Records excerpted from a collection |
lemma carry_eq_one_if_defect_ge_3:
  assumes "j < f" and "3 \<le> defect j"
  shows "g i = 1"
proof (rule ccontr)
  assume "g i \<noteq> 1"
  then have "g k \<le> 0" for k using carry_dichotomy by blast
  then have "int p * g (Suc j) \<le> 0" by (simp add: mult_nonneg_nonpos)
  moreover have "3 \<le> p" using defect_le[OF assms(1)] assms(2) by linarith
  then have "-2 \<le> g j" by (rule carry_ge_minus_two)
  moreover have "defect j = int p * g (Suc j) - g j"
    using defect_eq_carry[of j] assms(1) by simp
  ultimately show False using assms(2) by linarith
qed

lemma extremal_if_carry_eq_one:
  assumes "\<And>i. g i = 1" and "k < f"
  shows "t k = 0 \<and> s k = int p - 1 + int e \<and> r k = int p"
proof -
  have "defect k = int p - 1" using defect_eq_carry[of k] assms by simp
  then have "k \<in> J \<and> r k = int p \<and> x k = int e - 1" using defect_eq_top assms(2) by blast
  then show ?thesis by (simp add: tJ_def sJ_def rr_def)
qed

lemma vp_xi_minus_pos_iff:
  assumes "j < f" and "c \<in> IJ e a b J x j"
  shows "vp p (xiJ p f e a b J x j - c * (int p ^ f - 1)) > 0 \<longleftrightarrow>
    c = t j \<or> ((\<forall>k<f. t k = 0 \<and> s k = int p - 1 + int e \<and> r k = int p) \<and> c = int p)"
proof -
  have "vp p (xiJ p f e a b J x j - c * (int p ^ f - 1)) > 0 \<longleftrightarrow> int p dvd c - t j"
    using vp_pos_iff_dvd[OF prime] xiJ_minus_cong_mod_p[OF assms(1), of p e a b J x c]
    by (metis dvd_add_right_iff diff_add_cancel)
  moreover have "(\<forall>k<f. t k = 0 \<and> s k = int p - 1 + int e \<and> r k = int p) \<and> c = int p"
    if "int p dvd c - t j" and "c \<noteq> t j"
  proof -
    have "j \<in> J" using no_other_root_notin_J assms that by blast
    then have c: "c = t j + int p" and "3 \<le> defect j" using other_root_in_J_eq assms that by blast+
    then have "\<forall>k<f. t k = 0 \<and> s k = int p - 1 + int e \<and> r k = int p"
      using extremal_if_carry_eq_one carry_eq_one_if_defect_ge_3 assms(1) by blast
    then show ?thesis using c assms(1) by simp
  qed
  moreover have "int p dvd c - t j" if "c = t j \<or> (\<forall>k<f. t k = 0) \<and> c = int p"
    using that assms(1) by auto
  ultimately show ?thesis by blast
qed

end

theorem proposition5p11:
  fixes p f e :: nat and h1 h2 :: int and n a b x :: "nat \<Rightarrow> int" and J :: "nat set"
  assumes "prime p" and "1 \<le> f" and "1 \<le> e"
    and chi: "(h1 - h2) mod (int p ^ f - 1) = Omega p f n 0 mod (int p ^ f - 1)"
    and n_range: "\<forall>j<f. 1 \<le> n j \<and> n j \<le> int p"
    and n_lt: "\<exists>j<f. n j < int p"
    and weakly_generic: "\<forall>j<f. int e \<le> n j \<and> n j \<le> int p - int e"
    and serre_wt: "\<forall>j<f. 0 \<le> a j - b j \<and> a j - b j \<le> int p - 1"
    and nonempty: "serre_S p f e h1 h2 a b \<noteq> {}"
    and mem: "(J, x) \<in> serre_S p f e h1 h2 a b"
    and maximal: "\<forall>y \<in> serre_S p f e h1 h2 a b. serre_le p f a b y (J, x)"
  shows "\<forall>j<f. \<forall>c \<in> IJ e a b J x j.
           (vp p (xiJ p f e a b J x j - c * (int p ^ f - 1)) > 0 \<longleftrightarrow>
             (c = tJ e a b J x j \<or>
              ((\<forall>k<f. tJ e a b J x k = 0 \<and> sJ a b J x k = int p - 1 + int e \<and> rr a b k = int p)
               \<and> c = int p)))"
proof -
  interpret weakly_generic_setting p f e h1 h2 n a b x J
    using assms by unfold_locales
  show ?thesis using vp_xi_minus_pos_iff by blast
qed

What is being asked | Without omitting any record, transcribe the data exactly.

Result of the task |
lemma carry_eq_one_if_defect_ge_3:
  assumes "j < f" and "3 \<le> defect j"
  shows "g i = 1"
proof (rule ccontr)
  assume "g i \<noteq> 1"
  then have "g k \<le> 0" for k using carry_dichotomy by blast
  then have "int p * g (Suc j) \<le> 0" by (simp add: mult_nonneg_nonpos)
  moreover have "3 \<le> p" using defect_le[OF assms(1)] assms(2) by linarith
  then have "-2 \<le> g j" by (rule carry_ge_minus_two)
  moreover have "defect j = int p * g (Suc j) - g j"
    using defect_eq_carry[of j] assms(1) by simp
  ultimately show False using assms(2) by linarith
qed

lemma extremal_if_carry_eq_one:
  assumes "\<And>i. g i = 1" and "k < f"
  shows "t k = 0 \<and> s k = int p - 1 + int e \<and> r k = int p"
proof -
  have "defect k = int p - 1" using defect_eq_carry[of k] assms by simp
  then have "k \<in> J \<and> r k = int p \<and> x k = int e - 1" using defect_eq_top assms(2) by blast
  then show ?thesis by (simp add: tJ_def sJ_def rr_def)
qed

lemma vp_xi_minus_pos_iff:
  assumes "j < f" and "c \<in> IJ e a b J x j"
  shows "vp p (xiJ p f e a b J x j - c * (int p ^ f - 1)) > 0 \<longleftrightarrow>
    c = t j \<or> ((\<forall>k<f. t k = 0 \<and> s k = int p - 1 + int e \<and> r k = int p) \<and> c = int p)"
proof -
  have "vp p (xiJ p f e a b J x j - c * (int p ^ f - 1)) > 0 \<longleftrightarrow> int p dvd c - t j"
    using vp_pos_iff_dvd[OF prime] xiJ_minus_cong_mod_p[OF assms(1), of p e a b J x c]
    by (metis dvd_add_right_iff diff_add_cancel)
  moreover have "(\<forall>k<f. t k = 0 \<and> s k = int p - 1 + int e \<and> r k = int p) \<and> c = int p"
    if "int p dvd c - t j" and "c \<noteq> t j"
  proof -
    have "j \<in> J" using no_other_root_notin_J assms that by blast
    then have c: "c = t j + int p" and "3 \<le> defect j" using other_root_in_J_eq assms that by blast+
    then have "\<forall>k<f. t k = 0 \<and> s k = int p - 1 + int e \<and> r k = int p"
      using extremal_if_carry_eq_one carry_eq_one_if_defect_ge_3 assms(1) by blast
    then show ?thesis using c assms(1) by simp
  qed
  moreover have "int p dvd c - t j" if "c = t j \<or> (\<forall>k<f. t k = 0) \<and> c = int p"
    using that assms(1) by auto
  ultimately show ?thesis by blast
qed

end

theorem proposition5p11:
  fixes p f e :: nat and h1 h2 :: int and n a b x :: "nat \<Rightarrow> int" and J :: "nat set"
  assumes "prime p" and "1 \<le> f" and "1 \<le> e"
    and chi: "(h1 - h2) mod (int p ^ f - 1) = Omega p f n 0 mod (int p ^ f - 1)"
    and n_range: "\<forall>j<f. 1 \<le> n j \<and> n j \<le> int p"
    and n_lt: "\<exists>j<f. n j < int p"
    and weakly_generic: "\<forall>j<f. int e \<le> n j \<and> n j \<le> int p - int e"
    and serre_wt: "\<forall>j<f. 0 \<le> a j - b j \<and> a j - b j \<le> int p - 1"
    and nonempty: "serre_S p f e h1 h2 a b \<noteq> {}"
    and mem: "(J, x) \<in> serre_S p f e h1 h2 a b"
    and maximal: "\<forall>y \<in> serre_S p f e h1 h2 a b. serre_le p f a b y (J, x)"
  shows "\<forall>j<f. \<forall>c \<in> IJ e a b J x j.
           (vp p (xiJ p f e a b J x j - c * (int p ^ f - 1)) > 0 \<longleftrightarrow>
             (c = tJ e a b J x j \<or>
              ((\<forall>k<f. tJ e a b J x k = 0 \<and> sJ a b J x k = int p - 1 + int e \<and> rr a b k = int p)
               \<and> c = int p)))"
proof -
  interpret weakly_generic_setting p f e h1 h2 n a b x J
    using assms by unfold_locales
  show ?thesis using vp_xi_minus_pos_iff by blast
qed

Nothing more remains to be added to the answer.